The World Health Organisation (WHO) has classified diesel soot as a
lung carcinogen. Artur Braun, a physicist at Empa and an X-ray spectroscopy expert, has made crucial
contributions to analyzing the structure and composition of soot particles.


Soot particles are dangerous – there is nothing new in this knowledge. But what is it that makes fine
particulates dangerous? Is it only diesel soot from vehicle engines? Does the danger also come from woodburning
stoves in holiday chalets? Or even from grease-laden fryer fumes from the restaurant around the
corner? For a long time, these questions have been a hard nut for science to crack. Indeed, fine soot particles
were collected in filters and their chemical components were analysed. Yet the question remained: what
precisely is the source of the danger? Is it the soot particles themselves that make people ill? Or is it toxic
chemicals the soot carries with it – like a wet sponge?
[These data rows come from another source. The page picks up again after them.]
lemma unitary_trace_pow_mult_adj_pow:
  assumes "U \<in> unitary_group d" and "has_eigenphases d U \<phi>"
  shows "mat_trace (U ^\<^sub>m a * adj (U ^\<^sub>m b)) = power_sum d (a, b) \<phi>"
proof -
  have U: "U \<in> carrier_mat d d"
    using assms(1) by (simp add: unitary_group_def)
  show ?thesis
    using unitary_pow_mult_adj_pow[OF assms(1), of a b] mat_trace_pow[OF U assms(2)]
      mat_trace_adj[of "U ^\<^sub>m (b - a)" d] U
    by (simp add: power_sum_def phase_monomial_Pair)
qed

definition spectral_poly :: "nat \<Rightarrow> nat \<times> nat \<Rightarrow> ((nat \<Rightarrow> real) \<Rightarrow> complex) set" where
  "spectral_poly d e = {h. \<exists>g \<in> entry_poly d (fst e) (snd e).
     \<forall>U \<in> unitary_group d. \<forall>\<phi>. has_eigenphases d U \<phi> \<longrightarrow> g U = h \<phi>}"

lemma power_sum_spectral_poly: "power_sum d e \<in> spectral_poly d e"
proof -
  obtain g where "g \<in> entry_poly d (fst e) (snd e)"
    and g_trace: "\<forall>U \<in> carrier_mat d d. g U = mat_trace (U ^\<^sub>m fst e * adj (U ^\<^sub>m snd e))"
    using entry_poly_trace_pow_mult_adj_pow by blast
  moreover have "g U = power_sum d e \<phi>" if "U \<in> unitary_group d" "has_eigenphases d U \<phi>" for U \<phi>
    using that g_trace unitary_trace_pow_mult_adj_pow[OF that, of "fst e" "snd e"]
    by (simp add: unitary_group_def)
  ultimately show ?thesis
    unfolding spectral_poly_def by blast
qed

lemma spectral_poly_const: "(\<lambda>_. x) \<in> spectral_poly d 0"
  using entry_poly_const by (fastforce simp: spectral_poly_def)

lemma spectral_poly_add:
  assumes "f \<in> spectral_poly d e" and "g \<in> spectral_poly d e"
  shows "(\<lambda>\<phi>. f \<phi> + g \<phi>) \<in> spectral_poly d e"
proof -
  from assms obtain F G where "F \<in> entry_poly d (fst e) (snd e)" "G \<in> entry_poly d (fst e) (snd e)"
    and "\<forall>U \<in> unitary_group d. \<forall>\<phi>. has_eigenphases d U \<phi> \<longrightarrow> F U = f \<phi> \<and> G U = g \<phi>"
    unfolding spectral_poly_def by blast
  then show ?thesis
    unfolding spectral_poly_def by (intro CollectI bexI[of _ "\<lambda>U. F U + G U"] entry_poly.add) auto
qed

lemma spectral_poly_smult:
  assumes "f \<in> spectral_poly d e"
  shows "(\<lambda>\<phi>. x * f \<phi>) \<in> spectral_poly d e"
proof -
  from assms obtain F where "F \<in> entry_poly d (fst e) (snd e)"
    and "\<forall>U \<in> unitary_group d. \<forall>\<phi>. has_eigenphases d U \<phi> \<longrightarrow> F U = f \<phi>"
    unfolding spectral_poly_def by blast
  then show ?thesis
    unfolding spectral_poly_def by (intro CollectI bexI[of _ "\<lambda>U. x * F U"] entry_poly.smult) auto
qed

lemma spectral_poly_diff:
  "f \<in> spectral_poly d e \<Longrightarrow> g \<in> spectral_poly d e \<Longrightarrow> (\<lambda>\<phi>. f \<phi> - g \<phi>) \<in> spectral_poly d e"
  using spectral_poly_add[of f d e "\<lambda>\<phi>. (- 1) * g \<phi>"] spectral_poly_smult[of g d e "- 1"] by simp

lemma spectral_poly_sum:
  "finite S \<Longrightarrow> (\<And>i. i \<in> S \<Longrightarrow> F i \<in> spectral_poly d e) \<Longrightarrow> (\<lambda>\<phi>. \<Sum>i\<in>S. F i \<phi>) \<in> spectral_poly d e"
proof (induction S rule: finite_induct)
  case empty
  show ?case
    using entry_poly.zero by (fastforce simp: spectral_poly_def)
next
  case (insert x S)
  then show ?case
    using spectral_poly_add[of "F x" d e] by simp
qed

lemma spectral_poly_mult:
  assumes "f \<in> spectral_poly d e" and "g \<in> spectral_poly d e'"
  shows "(\<lambda>\<phi>. f \<phi> * g \<phi>) \<in> spectral_poly d (e + e')"
proof -
  from assms obtain F G where "F \<in> entry_poly d (fst e) (snd e)" "G \<in> entry_poly d (fst e') (snd e')"
    and "\<forall>U \<in> unitary_group d. \<forall>\<phi>. has_eigenphases d U \<phi> \<longrightarrow> F U = f \<phi> \<and> G U = g \<phi>"
    unfolding spectral_poly_def by blast
  then show ?thesis
    unfolding spectral_poly_def
    by (intro CollectI bexI[of _ "\<lambda>U. F U * G U"]) (auto intro: entry_poly_mult)
qed

section \<open>Augmented monomial symmetric functions\<close>

lemma sum_diff_image:
  fixes g :: "'a \<Rightarrow> 'c::ab_group_add"
  assumes "finite A" and "inj_on f B" and "f ` B \<subseteq> A"
  shows "sum g (A - f ` B) = sum g A - sum (g \<circ> f) B"
  using assms by (simp add: sum_diff finite_subset sum.reindex)

lemma sum_fun_upd_add:
  fixes e :: "'a \<Rightarrow> 'b::comm_monoid_add"
  assumes "finite A" and "j \<in> A"
  shows "sum (e(j := e j + x)) A = sum e A + x"
  using assms by (simp add: sum.remove[of A j] sum.cong[of "A - {j}" _ "e(j := e j + x)" e] add_ac)

definition injections :: "nat \<Rightarrow> nat \<Rightarrow> (nat \<Rightarrow> nat) set" where
  "injections d m = {f. inj_on f {..<m} \<and> f ` {..<m} \<subseteq> {..<d} \<and> (\<forall>i\<ge>m. f i = i)}"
Not all smoke is created equal
The Norwegian Institute of Public Health wanted to investigate this matter and asked Empa scientist Artur
Braun for support. Before joining Empa, Braun had worked at the University of Kentucky and there, in 2002,
he analyzed soot particles for the first time on a synchrotron using soft X-rays. Result: diesel particles that
have been "born" in the engine under high pressure and immense heat have a graphite structure – this is
clearly visible under X-ray light. In the case of soot particles from wood fires, which have been generated
under mild atmospheric conditions, this graphite structure is absent. The functional groups are also different:
diesel soot was found to contain carboxyl groups such as those occurring in formic and acetic acid
molecules; in the wood smoke, Braun found hydroxyl groups as in ethanol and methanol. There is thus a fine
difference between smoke and smoke.


Analyse separately, fight together

The Norwegian toxicologists then went a step further and asked Braun's colleagues at the University of North
Dakota to isolate the soot particles from the adherent chemical toxic substances using solvents. Braun then
analysed the components individually under X-ray light: first the "bare" soot particles, then the solution with
the suspected carcinogenic chemicals previously bound to the soot. Braun again found various functional
groups on the carbon structure and was able to compare them with the findings of his earlier work.
At the same time, the toxicologists tested the effect of the two soot fractions on human lung cells in culture.
For the first time separate investigations had been carried out to establish what is so dangerous in soot. The
study, which recently appeared in the journal "Toxicology Letters", is, in Braun's opinion, the first to combine
the methods of X-ray absorption spectroscopy (NEXAFS) with toxicological methods.


The WHO response
The results of the study were quite unambiguous: The "bare" soot particles triggered a genetic detoxification
mechanism in the cell cultures. The cells had therefore been under “toxic attack”. However, the washed out
substances previously adhering to the soot also exhibited an effect: they caused inflammatory reactions in
the cells and also acted as a cellular toxin. The World Health Organization (WHO) responded simultaneously.
A number of new studies – including those by Braun and his colleagues from Norway and the USA – had
indicated the carcinogenic effect of soot and sufficiently explained the underlying mechanisms.
It was now no longer possible to speak, as had been the case since 1988, of a probable risk of cancer
("probably carcinogenic to humans"). Reclassification followed on 12 June 2012. Diesel soot is now
considered a cause of lung cancer "based on sufficient evidence"; what’s more, there is a certain probability
that diesel soot also increases the risk of bladder cancer.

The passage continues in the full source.